Bankruptcy Law – Chapter Seven
Under the Bankruptcy Code, chapter 7 is a bankruptcy choice accessible to both individuals and businesses on filing a petition and all required declarations in connection with the debtor’s assets and income. You will discover fees amounting to several hundreds of dollars associated with filing the petition. However, payment via installments can be made, allowing for the debtor to extend payment as long as 180 days. Chapter 7 is commonly, though not just, a voluntary option.
A precursor to filing a bankruptcy petition as an individual is credit counseling at a credit counseling agency which is operating with the proper authorization. This counseling must’ve occurred within just 180 days of submitting the petition. In the scenario that there is a development of a plan to control the debt, this plan must be produced when submitting the mandatory paperwork with the court.
Chapter 7 offers immediate relief for the debtor through putting a stop for a time to any measures on the part of the creditors to recover debt. Also, filing a chapter 7 brings about assets being categorised as exempt and nonexempt. The ones categorised as exempt, which include mortgaged property, aren’t a part of the liquidation process under chapter 7 being secured by other creditors.
As chapter 7 allows for the liquidation of assets according to a prescribed hierarchy so as to make certain the proper return to unsecured creditors, filing a petition presupposes that a debtor will relinquish estate assets not protected by exemptions, including property. While people can anticipate having some or each of their debts discharged, a measure which usually enables them to resume their lives, this is not available for businesses involving partnerships or corporations. Of course, existing obligations such as mortgages on property cannot be discharged.

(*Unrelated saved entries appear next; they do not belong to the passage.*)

lemma FI_morphism_incl:
  "FI_morphism V FV W FW \<Psi> \<Longrightarrow> I \<subseteq> J \<Longrightarrow> finite J \<Longrightarrow> x \<in> carrier (V I) \<Longrightarrow>
    \<Psi> J (incl FV I J x) = incl FW I J (\<Psi> I x)"
  by (simp add: FI_morphism_def FI_inj_subset incl_def)

lemma finite_family_of_subsets: "(\<And>I. I \<in> S \<Longrightarrow> I \<subseteq> J) \<Longrightarrow> finite J \<Longrightarrow> finite S"
proof -
  assume "\<And>I. I \<in> S \<Longrightarrow> I \<subseteq> J" "finite J"
  then have "S \<subseteq> Pow J" "finite (Pow J)" by auto
  then show "finite S" by (rule finite_subset)
qed

lemma codim1_subset: "I \<in> codim1 J \<Longrightarrow> I \<subseteq> J"
  by (simp add: codim1_def)

lemma codim2_subset: "K \<in> codim2 J \<Longrightarrow> K \<subseteq> J"
  by (simp add: codim2_def)

lemma finite_codim1: "finite J \<Longrightarrow> finite (codim1 J)"
  using finite_family_of_subsets[OF codim1_subset] .

lemma finite_codim2: "finite J \<Longrightarrow> finite (codim2 J)"
  using finite_family_of_subsets[OF codim2_subset] .

lemma codim1_superset:
  assumes "finite J" "I \<subseteq> J" "I \<noteq> J"
  obtains I' where "I' \<in> codim1 J" "I \<subseteq> I'"
proof -
  obtain a where a: "a \<in> J" "a \<notin> I" using assms(2,3) by blast
  have "card J = Suc (card (J - {a}))"
    using card.remove[OF assms(1) a(1)] .
  then have "J - {a} \<in> codim1 J"
    by (simp add: codim1_def)
  then show thesis
    using a assms(2) by (intro that[of "J - {a}"]) auto
qed

lemma codim2_between:
  assumes J: "finite J" and K: "K \<in> codim2 J"
  obtains a b where "a \<noteq> b" "J - K = {a, b}" "{I \<in> codim1 J. K \<subseteq> I} = {insert a K, insert b K}"
proof -
  have KJ: "K \<subseteq> J" and card_K: "card K + 2 = card J" using K by (auto simp: codim2_def)
  have fin_K: "finite K" using finite_subset[OF KJ J] .
  have "card (J - K) = 2" using card_Diff_subset[OF fin_K KJ] card_K by simp
  then obtain a b where ab: "J - K = {a, b}" "a \<noteq> b" by (auto simp: card_2_iff)
  have "{I \<in> codim1 J. K \<subseteq> I} = {insert a K, insert b K}"
  proof (intro equalityI subsetI)
    fix I assume "I \<in> {I \<in> codim1 J. K \<subseteq> I}"
    then have IJ: "I \<subseteq> J" and card_I: "card I + 1 = card J" and KI: "K \<subseteq> I"
      by (auto simp: codim1_def)
    have "card (I - K) = 1" using card_Diff_subset[OF fin_K KI] card_I card_K by simp
    then obtain c where c: "I - K = {c}" by (auto simp: card_Suc_eq)
    then have "c \<in> {a, b}" "I = insert c K" using IJ KI ab(1) by blast+
    then show "I \<in> {insert a K, insert b K}" by auto
  next
    fix I assume "I \<in> {insert a K, insert b K}"
    then obtain c where c: "c \<in> J" "c \<notin> K" "I = insert c K" using ab(1) by auto
    then have "card I = card K + 1" using fin_K by simp
    then show "I \<in> {I \<in> codim1 J. K \<subseteq> I}" using c KJ card_K by (auto simp: codim1_def)
  qed
  with ab show thesis using that by blast
qed

lemma FI_module_product_group:
  assumes "FI_module G F" "finite J" "\<And>I. I \<in> S \<Longrightarrow> I \<subseteq> J"
  shows "group (product_group S G)"
proof (rule product_group)
  fix I assume "I \<in> S"
  show "group (G I)"
    using FI_module_comm_group[OF assms(1) finite_subset[OF assms(3)[OF \<open>I \<in> S\<close>] assms(2)]]
    by (rule comm_group.axioms(2))
qed

lemma sum_map_group_hom:
  assumes M: "FI_module G F" and J: "finite J" and S: "\<And>I. I \<in> S \<Longrightarrow> I \<subseteq> J"
  shows "group_hom (product_group S G) (G J) (sum_map G F S J)"
proof -
  interpret GJ: comm_group "G J" using M J FI_module_comm_group by blast
  have incl_x: "(\<lambda>I. incl F I J (x I)) \<in> S \<rightarrow> carrier (G J)" if "x \<in> carrier (product_group S G)" for x
    using that incl_closed[OF M S J] by auto
  have "sum_map G F S J (x \<otimes>\<^bsub>product_group S G\<^esub> y) = sum_map G F S J x \<otimes>\<^bsub>G J\<^esub> sum_map G F S J y"
    if x: "x \<in> carrier (product_group S G)" and y: "y \<in> carrier (product_group S G)" for x y
  proof -
    have "sum_map G F S J (x \<otimes>\<^bsub>product_group S G\<^esub> y) =
        (\<Otimes>\<^bsub>G J\<^esub>I\<in>S. incl F I J (x I) \<otimes>\<^bsub>G J\<^esub> incl F I J (y I))"
      unfolding sum_map_def using incl_x[OF x] incl_x[OF y]
    proof (intro GJ.finprod_cong')
      fix I assume I: "I \<in> S"
      have "x I \<in> carrier (G I)" "y I \<in> carrier (G I)"
        using PiE_mem[OF x[unfolded carrier_product_group] I] PiE_mem[OF y[unfolded carrier_product_group] I] by simp_all
      then show "incl F I J ((x \<otimes>\<^bsub>product_group S G\<^esub> y) I) = incl F I J (x I) \<otimes>\<^bsub>G J\<^esub> incl F I J (y I)"
        using group_hom.hom_mult[OF incl_group_hom[OF M S[OF I] J]] I by simp
    qed auto
    then show ?thesis
      unfolding sum_map_def using incl_x[OF x] incl_x[OF y] by simp
  qed
  then have "sum_map G F S J \<in> hom (product_group S G) (G J)"
    unfolding sum_map_def using incl_x by (intro homI) auto
  then show ?thesis
    using FI_module_product_group[OF M J S] by (simp add: group_hom_def group_hom_axioms_def GJ.is_group)
qed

Under chapter 7, a bankruptcy trustee is assigned to take care of the disposal of nonexempt assets in order to understand the claims of creditors. These nonexempt assets could possibly be money or property which is free of liens and able to be sold.
The bankruptcy trustee sets up a meeting among all the creditors recognized by the debtor that the debtor is obliged to attend. At the meeting the debtor shall be put through questioning from both creditors as well as the trustee. When it comes to the creditors, the questions will probably pertain to financial concerns, such as the debtor’s assets. The trustee, nevertheless, is going to be concerned to clarify legal matters relevant to setting up a full disclosure for the court in order to facilitate the discharge of debts.
If proof can be offered to the court that the debtor has sufficient income, the debtor may go for reaffirmation of a specific debt, before discharge. In cases like this, there is an arrangement made between the debtor and creditor to deal with the debt that permits the debtor to retain possession of the property and restructure payments.
Also, in the case of individual debtors, assuming there is no failure to disclose information or mislead the court, the majority of debtors can expect to receive a discharge of some or all of their debts. Chapter 7 is appropriate for dealing with consumer debt.
Audus Zinkman is an expert on San Antonio Bankruptcy. He has worked in the legal field for over ten years. His main focus is on San Antonio Chapter 13, Chapter 7, Chapter 12, Chapter 11, foreclosure defense, and credit card defense.